Dining Out

Stork Club mixes music and meals

The mussels fra diavolo, served with a single piece of garlic toast, are plump, tender, and briny in a spicy tomato broth. The mussels fra diavolo, served with a single piece of garlic toast, are plump, tender, and briny in a spicy tomato broth. (Essdras M Suarez/Globe Staff)
By Devra First
Globe Staff / October 7, 2009

E-mail this article

Invalid E-mail address
Invalid E-mail address

Sending your article

Your article has been sent.

  • E-mail|
  • Print|
  • Reprints|
  • |
Text size +

It was a sad day when Bob’s Southern Bistro shut down two years ago: the end of a long run, the end of “glorifried’’ chicken, the end of listening to live jazz while eating soul food. Bob’s (perhaps better known by a former name, Bob the Chef’s) meant something. In the South End, on the Roxbury side of Mass. Ave., and in the heart of Northeastern nesting grounds, it was a place where people from all walks of life came together. It felt real. When a new owner appeared on the scene wanting to turn it into an upscale lounge for young professionals called Night Town, it seemed an era had ended.

Night Town was not to be. Instead, the space became upscale French bistro Circle, and within two months it was out of business. The location that Bob’s made a nexus now seemed a liability: on the border of everything, and without a concept strong enough or well-priced enough to draw people to the outskirts of its orbit.

Now the Stork Club is trying to bring the corner of Columbus and Northampton back to life. Opened in August, in the hands of new co-owner Ziad Chamoun (Barking Crab) and chef Jeff Poliseno (Vox Populi), it grafts its two predecessors into one nightspot. It’s kitted out with the plush carmine banquettes and groovy space-age bar installed for Circle. It features the live music that was a focal point for Bob’s, with jazz and blues every night. And it feeds its patrons ribs, catfish sliders, and fried chicken, but also arugula salads with roasted figs, soba noodles, and seared tuna.

With performers ranging from Berklee students to seasoned combos, the Stork Club has got the jazz part down. The soul, however, could use some work. A gumbo special with andouille sausage and crawfish one night features a base of gummy rice, but the flavor is spot on: spicy and rich. Ribs are tough and need a more lavish slather of barbecue sauce. Blackened catfish sliders could use more spice. Without much of a sear on the fish, the sliders lack textural interest; frying might work better here - though the fried chicken plate is more horrifried than glorifried. It seems sacrilegious, in the space that was Bob’s, to serve chicken so dry it could choke you, its crust neither crispy nor greasy. It comes with greens that are nice and tender. Even if it were great fried chicken, the plate is $16 and offers just one small piece: cheap cheep.

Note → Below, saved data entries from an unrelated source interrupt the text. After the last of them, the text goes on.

(* Let $X,Y$ be complex Banach spaces, $\emptyset\ne I\subseteq\mathbb R^n$, let $\mathcal B$ be a non-empty collection of non-empty subsets of $X$ such that every $x\in X$ belongs to some $B\in\mathcal B$, and let $\mathrm R$ be a non-empty collection of sequences in $\mathbb R^n$ such that $\mathbf t+\mathbf b(l)\in I$ whenever $\mathbf t\in I$, $\mathbf b\in\mathrm R$, $l\in\mathbb N$, and such that every subsequence of a sequence in $\mathrm R$ belongs to $\mathrm R$. Suppose that for each $j\in\mathbb N$ the function $F_j:I\times X\to Y$ is $(\mathrm R,\mathcal B)$-multi-almost periodic. If for each $B\in\mathcal B$ there exists $\epsilon_B>0$ such that $(F_j)$ converges uniformly to a function $F:I\times X\to Y$ on $I\times\bigl(B^{\circ}\cup\bigcup_{x\in\partial B}B(x,\epsilon_B)\bigr)$, then $F$ is $(\mathrm R,\mathcal B)$-multi-almost periodic.
   Context: A continuous function $F:I\times X\to Y$ is called $(\mathrm R,\mathcal B)$-multi-almost periodic if for every $B\in\mathcal B$ and every sequence $(\mathbf b_k)\in\mathrm R$ there exist a subsequence $(\mathbf b_{k_l})$ and a function $F^\ast:I\times X\to Y$ such that $\lim_{l\to\infty}F(\mathbf t+\mathbf b_{k_l};x)=F^\ast(\mathbf t;x)$ uniformly for $x\in B$, $\mathbf t\in I$. $B^\circ$ and $\partial B$ denote the interior and boundary of $B$ in $X$, and $B(x,\epsilon)$ is the closed ball of radius $\epsilon$ centred at $x$. *)

theory Defs
  imports "HOL-Analysis.Analysis"
begin

definition multi_almost_periodic ::
  "(real^'n) set \<Rightarrow> (nat \<Rightarrow> real^'n) set \<Rightarrow> 'x::real_normed_vector set set
   \<Rightarrow> (real^'n \<Rightarrow> 'x \<Rightarrow> 'y::real_normed_vector) \<Rightarrow> bool" where
  "multi_almost_periodic I R \<B> F \<longleftrightarrow>
     continuous_on (I \<times> UNIV) (\<lambda>(t, x). F t x) \<and>
     (\<forall>B\<in>\<B>. \<forall>b\<in>R. \<exists>r Fstar. strict_mono r \<and>
        uniform_limit (I \<times> B) (\<lambda>l (t, x). F (t + b (r l)) x) (\<lambda>(t, x). Fstar t x) sequentially)"

end

(* Since interior B \<union> (\<Union>x\<in>frontier B. cball x \<epsilon>) is a neighbourhood of every point of
   B, F is locally a uniform limit of the continuous Fs j, hence continuous. Given b \<in> R, a
   diagonal argument (R is closed under subsequences) gives one subsequence r along which the
   translates Fs j (t + b (r l)) x converge uniformly on I \<times> B for every j. These translates stay
   in the set where Fs j \<longrightarrow> F uniformly, so an e/3 argument makes the translates of F uniformly
   Cauchy on I \<times> B, and Y is complete. *)

theory Submission
  imports Defs "HOL-Library.Diagonal_Subsequence"
begin

lemma continuous_on_locally:
  assumes "\<And>p. p \<in> S \<Longrightarrow> \<exists>U. open U \<and> p \<in> U \<and> continuous_on (S \<inter> U) f"
  shows "continuous_on S f"
  unfolding continuous_on_def
proof
  fix p assume "p \<in> S"
  then obtain U where U: "open U" "p \<in> U" "continuous_on (S \<inter> U) f"
    using assms by blast
  then have "(f \<longlongrightarrow> f p) (at p within S \<inter> U)"
    using \<open>p \<in> S\<close> by (simp add: continuous_on_def)
  moreover have "at p within S \<inter> U = at p within S"
    by (rule at_within_nhd[of p U]) (use U in auto)
  ultimately show "(f \<longlongrightarrow> f p) (at p within S)" by simp
qed

lemma closure_subset_interior_Un_frontier_cballs:
  assumes "0 < e"
  shows "closure B \<subseteq> interior (interior B \<union> (\<Union>x\<in>frontier B. cball x e))"
proof
  fix x assume x: "x \<in> closure B"
  show "x \<in> interior (interior B \<union> (\<Union>x\<in>frontier B. cball x e))"
  proof (cases "x \<in> interior B")
    case True
    then show ?thesis by (meson Un_upper1 interior_maximal open_interior subsetD)
  next
    case False
    with x have "ball x e \<subseteq> interior B \<union> (\<Union>x\<in>frontier B. cball x e)"
      by (auto simp: frontier_def)
    then show ?thesis by (meson assms centre_in_ball interior_maximal open_ball subsetD)
  qed
qed

lemma uniformly_convergent_on_subseq:
  assumes "uniformly_convergent_on X f" "strict_mono r"
  shows "uniformly_convergent_on X (\<lambda>l. f (r l))"
  using assms filterlim_compose[OF _ filterlim_subseq]
  unfolding uniformly_convergent_on_def by blast

lemma uniformly_convergent_on_offset_iff:
  "uniformly_convergent_on X (\<lambda>l. f (k + l)) \<longleftrightarrow> uniformly_convergent_on X f"
proof -
  have "filterlim (\<lambda>l. f (l + k)) G sequentially \<longleftrightarrow> filterlim f G sequentially" for G
    unfolding filterlim_iff using eventually_sequentially_seg[where P="\<lambda>n. _ (f n)"] by meson
  then show ?thesis unfolding uniformly_convergent_on_def add.commute[of k] by simp
qed

lemma diagonal_uniformly_convergent_subseq:
  fixes f :: "nat \<Rightarrow> nat \<Rightarrow> 'a \<Rightarrow> 'b::metric_space"
  assumes "\<And>j (s :: nat \<Rightarrow> nat). strict_mono s \<Longrightarrow>
      \<exists>r. strict_mono r \<and> uniformly_convergent_on X (\<lambda>l. f j (s (r l)))"
  shows "\<exists>r. strict_mono r \<and> (\<forall>j. uniformly_convergent_on X (\<lambda>l. f j (r l)))"
proof -
  define P where "P j s \<longleftrightarrow> uniformly_convergent_on X (\<lambda>l. f j (s l))" for j s
  interpret subseqs P
  proof
    fix j and s :: "nat \<Rightarrow> nat" assume "strict_mono s"
    from assms[OF this] show "\<exists>r. strict_mono r \<and> P j (s \<circ> r)"
      by (simp add: P_def o_def)
  qed
  have "P j (diagseq \<circ> (+) (Suc j))" for j
  proof (rule diagseq_holds)
    fix r s n assume "strict_mono (r :: nat \<Rightarrow> nat)" "P n s"
    then show "P n (s \<circ> r)"
      using uniformly_convergent_on_subseq[of X "\<lambda>l. f n (s l)" r] by (simp add: P_def o_def)
  qed
  then have "uniformly_convergent_on X (\<lambda>l. f j (diagseq (Suc j + l)))" for j
    by (simp only: P_def o_def)
  then have "uniformly_convergent_on X (\<lambda>l. f j (diagseq l))" for j
    by (subst (asm) uniformly_convergent_on_offset_iff)
  then show ?thesis using subseq_diagseq by blast
qed

lemma uniformly_convergent_on_compose_uniform_limit:
  fixes f :: "'i \<Rightarrow> 'a \<Rightarrow> 'b::complete_space"
  assumes lim: "uniform_limit Y f g F" and "F \<noteq> bot"
    and conv: "\<And>j. uniformly_convergent_on X (\<lambda>l x. f j (h l x))"
    and maps: "\<And>l x. x \<in> X \<Longrightarrow> h l x \<in> Y"
  shows "uniformly_convergent_on X (\<lambda>l x. g (h l x))"
proof (rule Cauchy_uniformly_convergent, rule uniformly_Cauchy_onI)
  fix e :: real assume "e > 0"
  then have "e / 3 > 0" by simp
  then have "\<forall>\<^sub>F j in F. \<forall>y\<in>Y. dist (f j y) (g y) < e / 3"
    by (rule uniform_limitD[OF lim])
  then obtain j where j: "\<forall>y\<in>Y. dist (f j y) (g y) < e / 3"
    using eventually_happens'[OF \<open>F \<noteq> bot\<close>] by blast
  have "uniformly_Cauchy_on X (\<lambda>l x. f j (h l x))"
    by (rule uniformly_convergent_Cauchy[OF conv])
  with \<open>e / 3 > 0\<close> obtain M where M: "\<forall>x\<in>X. \<forall>m\<ge>M. \<forall>n\<ge>M. dist (f j (h m x)) (f j (h n x)) < e / 3"
    unfolding uniformly_Cauchy_on_def by blast
  have "dist (g (h m x)) (g (h n x)) < e" if "x \<in> X" "m \<ge> M" "n \<ge> M" for x m n
  proof -
    have "dist (g (h m x)) (g (h n x))
        \<le> dist (g (h m x)) (f j (h m x)) + dist (f j (h m x)) (f j (h n x))
          + dist (f j (h n x)) (g (h n x))"
      using dist_triangle[of "g (h m x)" "g (h n x)" "f j (h m x)"]
        dist_triangle[of "f j (h m x)" "g (h n x)" "f j (h n x)"] by linarith
    moreover have "dist (g (h m x)) (f j (h m x)) < e / 3" "dist (f j (h n x)) (g (h n x)) < e / 3"
      using j maps \<open>x \<in> X\<close> by (auto simp: dist_commute)
    moreover have "dist (f j (h m x)) (f j (h n x)) < e / 3"
      using M that by blast
    ultimately show ?thesis by linarith
  qed
  then show "\<exists>M. \<forall>x\<in>X. \<forall>m\<ge>M. \<forall>n\<ge>M. dist (g (h m x)) (g (h n x)) < e" by blast
qed

lemma multi_almost_periodic_iff_uniformly_convergent_on:
  fixes F :: "real^'n \<Rightarrow> 'x::real_normed_vector \<Rightarrow> 'y::real_normed_vector"
  shows "multi_almost_periodic I R \<B> F \<longleftrightarrow>
     continuous_on (I \<times> UNIV) (\<lambda>(t, x). F t x) \<and>
     (\<forall>B\<in>\<B>. \<forall>b\<in>R. \<exists>r. strict_mono r \<and>
        uniformly_convergent_on (I \<times> B) (\<lambda>l (t, x). F (t + b (r l)) x))"
proof -
  have curry_limit: "(\<exists>Fstar. uniform_limit X f (\<lambda>(t, x). Fstar t x) sequentially) \<longleftrightarrow>
      uniformly_convergent_on X f" for X :: "((real^'n) \<times> 'x) set" and f :: "nat \<Rightarrow> (real^'n) \<times> 'x \<Rightarrow> 'y"
  proof
    assume "uniformly_convergent_on X f"
    then obtain l where "uniform_limit X f l sequentially"
      unfolding uniformly_convergent_on_def by blast
    then show "\<exists>Fstar. uniform_limit X f (\<lambda>(t, x). Fstar t x) sequentially"
      by (intro exI[of _ "curry l"]) simp
  qed (auto simp: uniformly_convergent_on_def)
  show ?thesis unfolding multi_almost_periodic_def by (simp add: curry_limit)
qed

lemma continuous_on_uniform_limit_near_frontiers:
  fixes Fs :: "nat \<Rightarrow> 'a::topological_space \<Rightarrow> 'x::metric_space \<Rightarrow> 'y::metric_space"
  assumes cont: "\<And>j. continuous_on (I \<times> UNIV) (\<lambda>(t, x). Fs j t x)"
    and cover: "\<forall>x. \<exists>B\<in>\<B>. x \<in> B"
    and lim: "\<forall>B\<in>\<B>. \<exists>\<epsilon>>0. uniform_limit
            (I \<times> (interior B \<union> (\<Union>x\<in>frontier B. cball x \<epsilon>)))
            (\<lambda>j (t, x). Fs j t x) (\<lambda>(t, x). F t x) sequentially"
  shows "continuous_on (I \<times> UNIV) (\<lambda>(t, x). F t x)"
proof (rule continuous_on_locally)
  fix p assume "p \<in> I \<times> (UNIV :: 'x set)"
  obtain B where "B \<in> \<B>" "snd p \<in> B" using cover by blast
  then obtain \<epsilon> where "\<epsilon> > 0" and lim_B: "uniform_limit
            (I \<times> (interior B \<union> (\<Union>x\<in>frontier B. cball x \<epsilon>)))
            (\<lambda>j (t, x). Fs j t x) (\<lambda>(t, x). F t x) sequentially"
    using lim by blast
  define U where "U = interior (interior B \<union> (\<Union>x\<in>frontier B. cball x \<epsilon>))"
  have "snd p \<in> U"
    using \<open>snd p \<in> B\<close> closure_subset closure_subset_interior_Un_frontier_cballs[OF \<open>\<epsilon> > 0\<close>]
    unfolding U_def by blast
  have "continuous_on (I \<times> U) (\<lambda>(t, x). F t x)"
  proof (rule uniform_limit_theorem)
    show "\<forall>\<^sub>F j in sequentially. continuous_on (I \<times> U) (\<lambda>(t, x). Fs j t x)"
      by (intro always_eventually allI continuous_on_subset[OF cont]) auto
    show "uniform_limit (I \<times> U) (\<lambda>j (t, x). Fs j t x) (\<lambda>(t, x). F t x) sequentially"
      by (rule uniform_limit_on_subset[OF lim_B]) (auto simp: U_def dest: interior_subset[THEN subsetD])
  qed simp
  moreover have "I \<times> UNIV \<inter> UNIV \<times> U = I \<times> U" by auto
  ultimately show "\<exists>V. open V \<and> p \<in> V \<and> continuous_on (I \<times> UNIV \<inter> V) (\<lambda>(t, x). F t x)"
    using \<open>snd p \<in> U\<close> by (intro exI[of _ "UNIV \<times> U"]) (auto simp: U_def open_Times mem_Times_iff)
qed

lemma uniformly_convergent_translates_near_frontiers:
  fixes Fs :: "nat \<Rightarrow> 'a::plus \<Rightarrow> 'x::metric_space \<Rightarrow> 'y::complete_space"
  assumes conv: "\<And>j (s :: nat \<Rightarrow> nat). strict_mono s \<Longrightarrow> \<exists>r. strict_mono r \<and>
        uniformly_convergent_on (I \<times> B) (\<lambda>l (t, x). Fs j (t + b (s (r l))) x)"
    and translate: "\<forall>t\<in>I. \<forall>l. t + b l \<in> I"
    and "\<epsilon> > 0"
    and lim: "uniform_limit
            (I \<times> (interior B \<union> (\<Union>x\<in>frontier B. cball x \<epsilon>)))
            (\<lambda>j (t, x). Fs j t x) (\<lambda>(t, x). F t x) sequentially"
  shows "\<exists>r. strict_mono r \<and> uniformly_convergent_on (I \<times> B) (\<lambda>l (t, x). F (t + b (r l)) x)"
proof -
  obtain r where r: "strict_mono r"
    "\<And>j. uniformly_convergent_on (I \<times> B) (\<lambda>l (t, x). Fs j (t + b (r l)) x)"
    using diagonal_uniformly_convergent_subseq[where f="\<lambda>j l (t, x). Fs j (t + b l) x" and X="I \<times> B"] conv
    by (auto simp: case_prod_unfold)
  define h :: "nat \<Rightarrow> 'a \<times> 'x \<Rightarrow> 'a \<times> 'x" where "h l = (\<lambda>(t, x). (t + b (r l), x))" for l
  have "B \<subseteq> interior B \<union> (\<Union>x\<in>frontier B. cball x \<epsilon>)"
    using closure_subset closure_subset_interior_Un_frontier_cballs[OF \<open>\<epsilon> > 0\<close>] interior_subset
    by blast
  then have "h l p \<in> I \<times> (interior B \<union> (\<Union>x\<in>frontier B. cball x \<epsilon>))" if "p \<in> I \<times> B" for l p
    using translate that by (auto simp: h_def)
  moreover have "uniformly_convergent_on (I \<times> B) (\<lambda>l p. (\<lambda>(t, x). Fs j t x) (h l p))" for j
    using r(2)[of j] by (simp add: h_def case_prod_unfold)
  ultimately have "uniformly_convergent_on (I \<times> B) (\<lambda>l p. (\<lambda>(t, x). F t x) (h l p))"
    by (intro uniformly_convergent_on_compose_uniform_limit[OF lim]) auto
  then show ?thesis
    using r(1) by (auto simp: h_def case_prod_unfold)
qed

theorem proposition2p8:
  fixes I :: "(real^'n) set"
    and R :: "(nat \<Rightarrow> real^'n) set"
    and \<B> :: "'x::banach set set"
    and Fs :: "nat \<Rightarrow> real^'n \<Rightarrow> 'x \<Rightarrow> 'y::banach"
    and F :: "real^'n \<Rightarrow> 'x \<Rightarrow> 'y"
  assumes "I \<noteq> {}"
    and "\<B> \<noteq> {}"
    and "\<forall>B\<in>\<B>. B \<noteq> {}"
    and "\<forall>x. \<exists>B\<in>\<B>. x \<in> B"
    and "R \<noteq> {}"
    and "\<forall>t\<in>I. \<forall>b\<in>R. \<forall>l. t + b l \<in> I"
    and "\<forall>b\<in>R. \<forall>r. strict_mono r \<longrightarrow> b \<circ> r \<in> R"
    and "\<forall>j. multi_almost_periodic I R \<B> (Fs j)"
    and "\<forall>B\<in>\<B>. \<exists>\<epsilon>>0. uniform_limit
            (I \<times> (interior B \<union> (\<Union>x\<in>frontier B. cball x \<epsilon>)))
            (\<lambda>j (t, x). Fs j t x) (\<lambda>(t, x). F t x) sequentially"
  shows "multi_almost_periodic I R \<B> F"
  unfolding multi_almost_periodic_iff_uniformly_convergent_on
proof (intro conjI ballI)
  note Fs_ap = assms(8)[unfolded multi_almost_periodic_iff_uniformly_convergent_on]
  show "continuous_on (I \<times> UNIV) (\<lambda>(t, x). F t x)"
    by (rule continuous_on_uniform_limit_near_frontiers[OF _ assms(4,9)]) (use Fs_ap in blast)
  fix B b assume "B \<in> \<B>" "b \<in> R"
  have Fs_conv: "\<exists>r. strict_mono r \<and>
      uniformly_convergent_on (I \<times> B) (\<lambda>l (t, x). Fs j (t + b (s (r l))) x)"
    if "strict_mono s" for j and s :: "nat \<Rightarrow> nat"
  proof -
    have "b \<circ> s \<in> R" using assms(7) \<open>b \<in> R\<close> that by blast
    then have "\<exists>r. strict_mono r \<and>
        uniformly_convergent_on (I \<times> B) (\<lambda>l (t, x). Fs j (t + (b \<circ> s) (r l)) x)"
      using Fs_ap \<open>B \<in> \<B>\<close> by blast
    then show ?thesis by (simp add: o_def)
  qed
  obtain \<epsilon> where "\<epsilon> > 0" and lim: "uniform_limit
            (I \<times> (interior B \<union> (\<Union>x\<in>frontier B. cball x \<epsilon>)))
            (\<lambda>j (t, x). Fs j t x) (\<lambda>(t, x). F t x) sequentially"
    using assms(9) \<open>B \<in> \<B>\<close> by blast
  show "\<exists>r. strict_mono r \<and> uniformly_convergent_on (I \<times> B) (\<lambda>l (t, x). F (t + b (r l)) x)"
    by (rule uniformly_convergent_translates_near_frontiers[OF Fs_conv _ \<open>\<epsilon> > 0\<close> lim])
      (use assms(6) \<open>b \<in> R\<close> in auto)
qed

end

The kitchen has more success with other selections from comfort food’s greatest hits. Macaroni and cheese is served in a pot, and not a small one. The generous serving of pasta is pleasingly creamy, laden with bites of ham and bitter broccoli rabe. The Stork Club’s burger is the thing I’d be most likely to order if I came here again, a hand-formed Angus patty topped with tangy aged cheddar and a pile of onion strings. Because you need fries with your onion rings, there’s a pile on the side, skins on and nicely fried. It’s good late-night fare, and the Stork Club kitchen is open till 1 a.m.

Mussels fra diavolo are also worthy, plump, tender, briny shellfish in a spicy tomato broth. The dish comes with one mingy piece of garlic toast, not nearly enough, particularly given how sop-worthy the liquid is. We ask for more, and we see other tables doing so, too.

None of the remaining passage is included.